In response, the Coal Ministry was candid: “In the allocation of 204 coal mines prior to their de-allocation in 2014, the details of net worth were found inaccurate which led to registration of many cases against the officers by CBI…Verification of net worth will remain a challenge and contentious. In view of these, (we) may continue with the existing eligibility conditions for sale of coal.”

On May 22 last year, a special CBI court sentenced three officials — former secretary H C Gupta, former joint secretary K S Kropha and former director K C Samaria — to two years in jail for allegedly allotting coal block to a private company on false net worth and level of preparedness.

Indeed, the fear of misuse or abuse loomed large as the Ministry took a more stringent view than the HPEC on the latter’s recommendations.

Consider:

HPEC: Mining lease owner — currently producing coal from the block for power generation or for self-use — be permitted to sell 25 per cent of the coal in open market.

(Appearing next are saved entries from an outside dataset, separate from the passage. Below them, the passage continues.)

(* Let $A=\begin{pmatrix}a&\xi\\\overline\xi&c\end{pmatrix}$ and $B=\begin{pmatrix}1&0\\0&b\end{pmatrix}$ be positive definite ($a,c>0$, $b\ge1$, $|\xi|^2<ac$). Suppose that for some $m\ge0$, $a_j,b_j\in\mathbb{C}$ and $\alpha,\beta>0$ the nonzero function \[ \Phi=\sum_{j=0}^m\begin{pmatrix}a_j\phi^\alpha_j\\ b_j\phi^\beta_j\end{pmatrix} \] is an eigenfunction of $H_{A,B}$. Then either $\xi=0$ or $\alpha=\beta$.
   Context: $H_{A,B}:=B(-\partial_x^2)+Ax^2$ on $L^2(\mathbb{R};\mathbb{C}^2)$, self-adjoint on the domain of pairs of functions in $H^2(\mathbb{R})\cap\{f:\int|x^2f|^2<\infty\}$. For $\alpha>0$, $n\ge0$: $\phi^\alpha_n(x)=\alpha^{1/4}h_n(\alpha^{1/2}x)e^{-\alpha x^2/2}/\sqrt{2^nn!\sqrt\pi}$, where $h_n(x)=(-1)^ne^{x^2}\partial_x^n[e^{-x^2}]$ is the $n$-th Hermite polynomial. *)

theory Defs
  imports "HOL-Analysis.Analysis"
begin

definition hermite_poly :: "nat \<Rightarrow> real \<Rightarrow> real" where
  "hermite_poly n x = (-1) ^ n * exp (x\<^sup>2) * (((deriv ^^ n) (\<lambda>t. exp (- (t\<^sup>2)))) x)"

definition hermite_fun :: "real \<Rightarrow> nat \<Rightarrow> real \<Rightarrow> real" where
  "hermite_fun \<alpha> n x =
     \<alpha> powr (1/4) * hermite_poly n (sqrt \<alpha> * x) * exp (- \<alpha> * x\<^sup>2 / 2)
       / sqrt (2 ^ n * fact n * sqrt pi)"

definition d2 :: "(real \<Rightarrow> complex) \<Rightarrow> real \<Rightarrow> complex" where
  "d2 f x = vector_derivative (\<lambda>t. vector_derivative f (at t)) (at x)"

text \<open>Action of H_{A,B} = B(-d^2/dx^2) + A x^2 with A = [[a, xi],[conj xi, c]],
  B = diag(1, b), on a pair (f, g) of (smooth) functions.\<close>
definition H_AB :: "real \<Rightarrow> complex \<Rightarrow> real \<Rightarrow> real \<Rightarrow>
    ((real \<Rightarrow> complex) \<times> (real \<Rightarrow> complex)) \<Rightarrow> ((real \<Rightarrow> complex) \<times> (real \<Rightarrow> complex))" where
  "H_AB a \<xi> c b \<Phi> =
     ((\<lambda>x. - d2 (fst \<Phi>) x + complex_of_real (a * x\<^sup>2) * fst \<Phi> x + \<xi> * complex_of_real (x\<^sup>2) * snd \<Phi> x),
      (\<lambda>x. - complex_of_real b * d2 (snd \<Phi>) x + cnj \<xi> * complex_of_real (x\<^sup>2) * fst \<Phi> x
             + complex_of_real (c * x\<^sup>2) * snd \<Phi> x))"

definition is_eigenfunction_H :: "real \<Rightarrow> complex \<Rightarrow> real \<Rightarrow> real \<Rightarrow>
    ((real \<Rightarrow> complex) \<times> (real \<Rightarrow> complex)) \<Rightarrow> bool" where
  "is_eigenfunction_H a \<xi> c b \<Phi> \<longleftrightarrow>
     \<Phi> \<noteq> ((\<lambda>_. 0), (\<lambda>_. 0)) \<and>
     (\<exists>E::complex. \<forall>x. fst (H_AB a \<xi> c b \<Phi>) x = E * fst \<Phi> x
                     \<and> snd (H_AB a \<xi> c b \<Phi>) x = E * snd \<Phi> x)"

end

theory Submission
  imports Defs "HOL-Computational_Algebra.Polynomial" "HOL-Real_Asymp.Real_Asymp"
begin

text \<open>Both components of \<open>\<Phi>\<close> are polynomials times Gaussians, \<open>P(x) e^{-\<alpha> x\<^sup>2/2}\<close> and
  \<open>Q(x) e^{-\<beta> x\<^sup>2/2}\<close>, and this form is preserved by differentiation. The coupling term
  \<open>\<xi> x\<^sup>2\<close> moves one component into the equation of the other. If, say, \<open>\<beta> < \<alpha>\<close>, the first
  eigenvalue equation says that \<open>\<xi> x\<^sup>2 Q(x)\<close> equals a polynomial times \<open>e^{-(\<alpha>-\<beta>) x\<^sup>2/2}\<close>;
  this tends to \<open>0\<close>, which a nonzero polynomial does not, so \<open>\<xi> = 0\<close> or \<open>Q = 0\<close>. In the latter
  case the second equation reduces to \<open>cnj \<xi> x\<^sup>2 P(x) = 0\<close>, so \<open>P = 0\<close> as well and \<open>\<Phi> = 0\<close>.\<close>

fun gauss_deriv_poly :: "nat \<Rightarrow> real poly" where
  "gauss_deriv_poly 0 = 1"
| "gauss_deriv_poly (Suc n) = pderiv (gauss_deriv_poly n) - [:0, 2:] * gauss_deriv_poly n"

lemma deriv_poly_times_gauss:
  fixes p :: "real poly"
  shows "deriv (\<lambda>t. poly p t * exp (- (t\<^sup>2))) = (\<lambda>t. poly (pderiv p - [:0, 2:] * p) t * exp (- (t\<^sup>2)))"
proof
  fix t :: real
  have "((\<lambda>t. poly p t * exp (- (t\<^sup>2))) has_real_derivative
          poly (pderiv p - [:0, 2:] * p) t * exp (- (t\<^sup>2))) (at t)"
    by (auto intro!: derivative_eq_intros simp: algebra_simps)
  then show "deriv (\<lambda>t. poly p t * exp (- (t\<^sup>2))) t = poly (pderiv p - [:0, 2:] * p) t * exp (- (t\<^sup>2))"
    by (rule DERIV_imp_deriv)
qed

lemma higher_deriv_gauss:
  "(deriv ^^ n) (\<lambda>t. exp (- (t\<^sup>2))) = (\<lambda>t. poly (gauss_deriv_poly n) t * exp (- (t\<^sup>2)))"
  by (induction n) (simp_all add: deriv_poly_times_gauss)

lemma hermite_poly_altdef: "hermite_poly n y = (-1) ^ n * poly (gauss_deriv_poly n) y"
  unfolding hermite_poly_def higher_deriv_gauss by (simp add: exp_minus field_simps)

definition hermite_fun_poly :: "real \<Rightarrow> nat \<Rightarrow> real poly" where
  "hermite_fun_poly \<alpha> n =
     smult (\<alpha> powr (1/4) * (-1) ^ n / sqrt (2 ^ n * fact n * sqrt pi))
       (pcompose (gauss_deriv_poly n) [:0, sqrt \<alpha>:])"

lemma hermite_fun_altdef: "hermite_fun \<alpha> n x = poly (hermite_fun_poly \<alpha> n) x * exp (- \<alpha> * x\<^sup>2 / 2)"
  unfolding hermite_fun_def hermite_fun_poly_def hermite_poly_altdef
  by (simp add: poly_pcompose mult.commute)

definition poly_gauss :: "real \<Rightarrow> complex poly \<Rightarrow> complex \<Rightarrow> complex" where
  "poly_gauss \<gamma> P z = poly P z * exp (- of_real \<gamma> * z\<^sup>2 / 2)"

definition gauss_pderiv :: "real \<Rightarrow> complex poly \<Rightarrow> complex poly" where
  "gauss_pderiv \<gamma> P = pderiv P - [:0, of_real \<gamma>:] * P"

lemma poly_gauss_0 [simp]: "poly_gauss \<gamma> 0 z = 0"
  by (simp add: poly_gauss_def)

lemma gauss_pderiv_0 [simp]: "gauss_pderiv \<gamma> 0 = 0"
  by (simp add: gauss_pderiv_def)

lemma poly_gauss_of_real:
  "poly_gauss \<gamma> P (of_real x) = poly P (of_real x) * of_real (exp (- \<gamma> * x\<^sup>2 / 2))"
  unfolding poly_gauss_def by (simp flip: exp_of_real)

lemma has_field_derivative_poly_gauss:
  "(poly_gauss \<gamma> P has_field_derivative poly_gauss \<gamma> (gauss_pderiv \<gamma> P) z) (at z)"
  unfolding poly_gauss_def gauss_pderiv_def
  by (auto intro!: derivative_eq_intros simp: algebra_simps power2_eq_square)

lemma vector_derivative_poly_gauss:
  "vector_derivative (\<lambda>x. poly_gauss \<gamma> P (of_real x)) (at x) = poly_gauss \<gamma> (gauss_pderiv \<gamma> P) (of_real x)"
  by (intro vector_derivative_at has_vector_derivative_real_field has_field_derivative_poly_gauss)

lemma d2_poly_gauss:
  "d2 (\<lambda>x. poly_gauss \<gamma> P (of_real x)) x = poly_gauss \<gamma> (gauss_pderiv \<gamma> (gauss_pderiv \<gamma> P)) (of_real x)"
  by (simp add: d2_def vector_derivative_poly_gauss)

lemma poly_map_poly_of_real:
  "poly (map_poly of_real p) (of_real x) = (of_real (poly p x) :: 'a::{real_algebra_1, comm_semiring_0})"
  by (induction p) (auto simp: map_poly_pCons)

lemma sum_hermite_fun_eq_poly_gauss:
  "(\<lambda>x. \<Sum>j\<le>m. c j * complex_of_real (hermite_fun \<alpha> j x)) =
   (\<lambda>x. poly_gauss \<alpha> (\<Sum>j\<le>m. smult (c j) (map_poly of_real (hermite_fun_poly \<alpha> j))) (of_real x))"
  by (auto simp: poly_gauss_of_real hermite_fun_altdef poly_sum poly_map_poly_of_real
      sum_distrib_right mult.assoc)

lemma poly_times_gauss_tendsto_0:
  assumes "\<delta> > 0"
  shows "((\<lambda>x::real. poly R (complex_of_real x) * of_real (exp (- \<delta> * x\<^sup>2))) \<longlongrightarrow> 0) at_top"
proof -
  have monomial: "((\<lambda>x::real. x ^ i * exp (- \<delta> * x\<^sup>2)) \<longlongrightarrow> 0) at_top" for i
  proof -
    have "((\<lambda>x::real. (x ^ i / exp x) * exp (x - \<delta> * x\<^sup>2)) \<longlongrightarrow> 0 * 0) at_top"
      by (intro tendsto_mult tendsto_power_div_exp_0) (use assms in real_asymp)
    moreover have "(x ^ i / exp x) * exp (x - \<delta> * x\<^sup>2) = x ^ i * exp (- \<delta> * x\<^sup>2)" for x :: real
      by (simp add: exp_diff exp_minus field_simps)
    ultimately show ?thesis by simp
  qed
  have "((\<lambda>x::real. \<Sum>i\<le>degree R. coeff R i * of_real (x ^ i * exp (- \<delta> * x\<^sup>2)))
          \<longlongrightarrow> (\<Sum>i\<le>degree R. coeff R i * 0)) at_top"
    using tendsto_of_real[OF monomial, where 'a=complex] by (intro tendsto_intros) auto
  moreover have "poly R (complex_of_real x) * of_real (exp (- \<delta> * x\<^sup>2))
      = (\<Sum>i\<le>degree R. coeff R i * of_real (x ^ i * exp (- \<delta> * x\<^sup>2)))" for x
    by (simp add: poly_altdef sum_distrib_right mult.assoc)
  ultimately show ?thesis by simp
qed

lemma poly_tendsto_0_imp_eq_0:
  fixes S :: "'a::real_normed_field poly"
  assumes "((\<lambda>x::real. poly S (of_real x)) \<longlongrightarrow> 0) at_top"
  shows "S = 0"
proof -
  have "((\<lambda>x::real. poly S (of_real x) / of_real x ^ degree S) \<longlongrightarrow> lead_coeff S) at_top"
    by (rule filterlim_compose[OF poly_divide_tendsto_aux filterlim_of_real_at_infinity])
  moreover have "((\<lambda>x::real. poly S (of_real x) / of_real x ^ degree S) \<longlongrightarrow> 0) at_top"
  proof (rule Lim_null_comparison)
    show "\<forall>\<^sub>F x in at_top. norm (poly S (of_real x) / of_real x ^ degree S) \<le> norm (poly S (of_real x))"
      using eventually_ge_at_top[of "1::real"]
      by eventually_elim (simp add: norm_divide norm_power divide_le_eq mult_le_cancel_left1 one_le_power)
    show "((\<lambda>x. norm (poly S (of_real x))) \<longlongrightarrow> 0) at_top"
      using tendsto_norm_zero[OF assms] .
  qed
  ultimately have "lead_coeff S = 0"
    using tendsto_unique[OF trivial_limit_at_top_linorder] by blast
  then show ?thesis by simp
qed

lemma poly_gauss_slower_decay_eq_0:
  assumes "\<gamma>2 < \<gamma>1" "\<zeta> \<noteq> 0"
    and eq: "\<And>x::real. \<zeta> * of_real (x\<^sup>2) * poly_gauss \<gamma>2 Q (of_real x) = poly_gauss \<gamma>1 R (of_real x)"
  shows "Q = 0"
proof -
  define \<delta> where "\<delta> = (\<gamma>1 - \<gamma>2) / 2"
  have decay: "poly ([:0, 0, \<zeta>:] * Q) (of_real x) = poly R (of_real x) * of_real (exp (- \<delta> * x\<^sup>2))"
    for x :: real
  proof -
    have split_exp: "exp (- \<gamma>1 * x\<^sup>2 / 2) = exp (- \<gamma>2 * x\<^sup>2 / 2) * exp (- \<delta> * x\<^sup>2)"
      by (simp add: \<delta>_def flip: exp_add) (simp add: field_simps)
    have "(\<zeta> * of_real (x\<^sup>2) * poly Q (of_real x)) * of_real (exp (- \<gamma>2 * x\<^sup>2 / 2))
        = (poly R (of_real x) * of_real (exp (- \<delta> * x\<^sup>2))) * of_real (exp (- \<gamma>2 * x\<^sup>2 / 2))"
      using eq[of x] unfolding poly_gauss_of_real split_exp by (simp add: ac_simps)
    then show ?thesis
      by (simp add: algebra_simps power2_eq_square)
  qed
  have "\<delta> > 0"
    using assms(1) by (simp add: \<delta>_def)
  then have "((\<lambda>x::real. poly ([:0, 0, \<zeta>:] * Q) (of_real x)) \<longlongrightarrow> 0) at_top"
    unfolding decay by (rule poly_times_gauss_tendsto_0)
  then have "[:0, 0, \<zeta>:] * Q = 0"
    by (rule poly_tendsto_0_imp_eq_0)
  then show ?thesis
    using assms(2) by simp
qed

lemma poly_gauss_times_square_eq_0:
  assumes "\<zeta> \<noteq> 0" and "\<And>x::real. \<zeta> * of_real (x\<^sup>2) * poly_gauss \<gamma> Q (of_real x) = 0"
  shows "Q = 0"
  by (rule poly_gauss_slower_decay_eq_0[of \<gamma> "\<gamma> + 1" \<zeta> Q 0]) (use assms in auto)

lemma coupled_poly_gauss_eigen_eq_0:
  fixes a c :: real and k l \<zeta> \<eta> E :: complex
  assumes "\<gamma>2 < \<gamma>1" "\<zeta> \<noteq> 0" "\<eta> \<noteq> 0"
    and eq1: "\<And>x::real.
      - k * poly_gauss \<gamma>1 (gauss_pderiv \<gamma>1 (gauss_pderiv \<gamma>1 P)) (of_real x)
      + of_real (a * x\<^sup>2) * poly_gauss \<gamma>1 P (of_real x)
      + \<zeta> * of_real (x\<^sup>2) * poly_gauss \<gamma>2 Q (of_real x) = E * poly_gauss \<gamma>1 P (of_real x)"
    and eq2: "\<And>x::real.
      - l * poly_gauss \<gamma>2 (gauss_pderiv \<gamma>2 (gauss_pderiv \<gamma>2 Q)) (of_real x)
      + \<eta> * of_real (x\<^sup>2) * poly_gauss \<gamma>1 P (of_real x)
      + of_real (c * x\<^sup>2) * poly_gauss \<gamma>2 Q (of_real x) = E * poly_gauss \<gamma>2 Q (of_real x)"
  shows "P = 0 \<and> Q = 0"
proof -
  define R where "R = smult E P + smult k (gauss_pderiv \<gamma>1 (gauss_pderiv \<gamma>1 P)) - [:0, 0, of_real a:] * P"
  have "\<zeta> * of_real (x\<^sup>2) * poly_gauss \<gamma>2 Q (of_real x) = poly_gauss \<gamma>1 R (of_real x)" for x :: real
    using eq1[of x] by (simp add: R_def poly_gauss_def algebra_simps power2_eq_square)
  then have "Q = 0"
    by (rule poly_gauss_slower_decay_eq_0[OF assms(1,2)])
  moreover from this have "P = 0"
    using assms(3) eq2 by (intro poly_gauss_times_square_eq_0) auto
  ultimately show ?thesis by simp
qed

lemma not_is_eigenfunction_H_poly_gauss:
  assumes "\<xi> \<noteq> 0" and "\<alpha> \<noteq> \<beta>"
  shows "\<not> is_eigenfunction_H a \<xi> c b (\<lambda>x. poly_gauss \<alpha> P (of_real x), \<lambda>x. poly_gauss \<beta> Q (of_real x))"
proof
  assume eigen: "is_eigenfunction_H a \<xi> c b (\<lambda>x. poly_gauss \<alpha> P (of_real x), \<lambda>x. poly_gauss \<beta> Q (of_real x))"
  then obtain E where eq1: "\<And>x::real.
      - poly_gauss \<alpha> (gauss_pderiv \<alpha> (gauss_pderiv \<alpha> P)) (of_real x)
      + of_real (a * x\<^sup>2) * poly_gauss \<alpha> P (of_real x)
      + \<xi> * of_real (x\<^sup>2) * poly_gauss \<beta> Q (of_real x) = E * poly_gauss \<alpha> P (of_real x)"
    and eq2: "\<And>x::real.
      - of_real b * poly_gauss \<beta> (gauss_pderiv \<beta> (gauss_pderiv \<beta> Q)) (of_real x)
      + cnj \<xi> * of_real (x\<^sup>2) * poly_gauss \<alpha> P (of_real x)
      + of_real (c * x\<^sup>2) * poly_gauss \<beta> Q (of_real x) = E * poly_gauss \<beta> Q (of_real x)"
    unfolding is_eigenfunction_H_def H_AB_def by (auto simp: d2_poly_gauss)
  have "cnj \<xi> \<noteq> 0"
    using assms(1) by simp
  from assms(2) consider "\<beta> < \<alpha>" | "\<alpha> < \<beta>"
    by linarith
  then have "P = 0 \<and> Q = 0"
  proof cases
    case 1
    show ?thesis
      by (rule coupled_poly_gauss_eigen_eq_0[where k = 1 and l = b, OF 1 assms(1) \<open>cnj \<xi> \<noteq> 0\<close>])
        (use eq1 eq2 in \<open>auto simp: algebra_simps\<close>)
  next
    case 2
    have "Q = 0 \<and> P = 0"
      by (rule coupled_poly_gauss_eigen_eq_0[where k = b and l = 1, OF 2 \<open>cnj \<xi> \<noteq> 0\<close> assms(1)])
        (use eq1 eq2 in \<open>auto simp: algebra_simps\<close>)
    then show ?thesis by simp
  qed
  then show False
    using eigen by (simp add: is_eigenfunction_H_def)
qed

theorem mainTheorem9:
  fixes a c b \<alpha> \<beta> :: real and \<xi> :: complex and m :: nat
    and aa bb :: "nat \<Rightarrow> complex"
  assumes "a > 0" and "c > 0" and "b \<ge> 1" and "(cmod \<xi>)\<^sup>2 < a * c"
    and "\<alpha> > 0" and "\<beta> > 0"
    and "is_eigenfunction_H a \<xi> c b
           ((\<lambda>x. \<Sum>j\<le>m. aa j * complex_of_real (hermite_fun \<alpha> j x)),
            (\<lambda>x. \<Sum>j\<le>m. bb j * complex_of_real (hermite_fun \<beta> j x)))"
  shows "\<xi> = 0 \<or> \<alpha> = \<beta>"
  using not_is_eigenfunction_H_poly_gauss assms(7) unfolding sum_hermite_fun_eq_poly_gauss by blast

end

Ministry: This could be permitted provided the lease owner paid an additional premium of “say 10 per cent to 20 per cent of final bid price, on per tonne basis” on the output sold in the open market.

* Mining lease owner should get more flexibility in production with the auction winner or allottees required to produce a lower 65 per cent of the coal quantity mentioned in the mining plan during any fixed five-year block.

Coal Ministry declined to lower the minimum threshold from 70 per cent for auction winners and 80 per cent for allottees but agreed on relief to power producers allowing them to sell 25 per cent of output provided they retained minimum threshold at 90 per cent or 80 per cent for auctioned open cast mine or underground mine, respectively.

Currently, power producers who got mine lease during the first and second tranche of coal auction in 2014 and 2015 have no room to decrease their production.

* If at least three valid bidders do not participate in the first auction process, two bidders should be considered sufficient in the second attempt. If that also fails, for the third and subsequent attempts, a single firm should be allowed to bid.

Fearing possibility of cartelisation, the Ministry said that at least two bidders was a must because if there was only a single bidder, “there would be no bidding” as it amounts to selecting the sole bidder. In case of only one bidder on the third attempt, it suggested, “the block may be considered for allotment to a Central/state PSU or mandatory allotment to Coal India Ltd.”

* To improve grade and quality of coal, the Ministry should introduce auction of mines for coal washeries as “washing of coal obtained from a mine” had been included as a specified end-use in the 2015 coal law. This would attract wider participation and sufficient competition.

This was turned down by the Ministry on the grounds that “washing may not be an end use as after washing either sale of coal will take place or use in some of the end-use plants of bidder will take place. In the first case, it may be similar to commercial mining (sale of coal) in nature.”

* Change in the bidding methodology to a revenue sharing model where the bid parameter will be “percentage of revenue to be shared with the government”. Revenue, it said, would be calculated by multiplying “actual quantity of coal produced” with “domestic coal price index” or Coal India’s notified price.

The ministry said that this could be accepted “in due course” as it would take time to develop a national coal index and to work out implications of shifting to revenue sharing. It proposed to continue with the existing methodologies “for the time being/for next round of allocation (auction)”.

Under the current methodology, the bid parameter is the coal price per tonne. In the ascending forward auction, the bidder who submits the highest price offer is the successful bidder.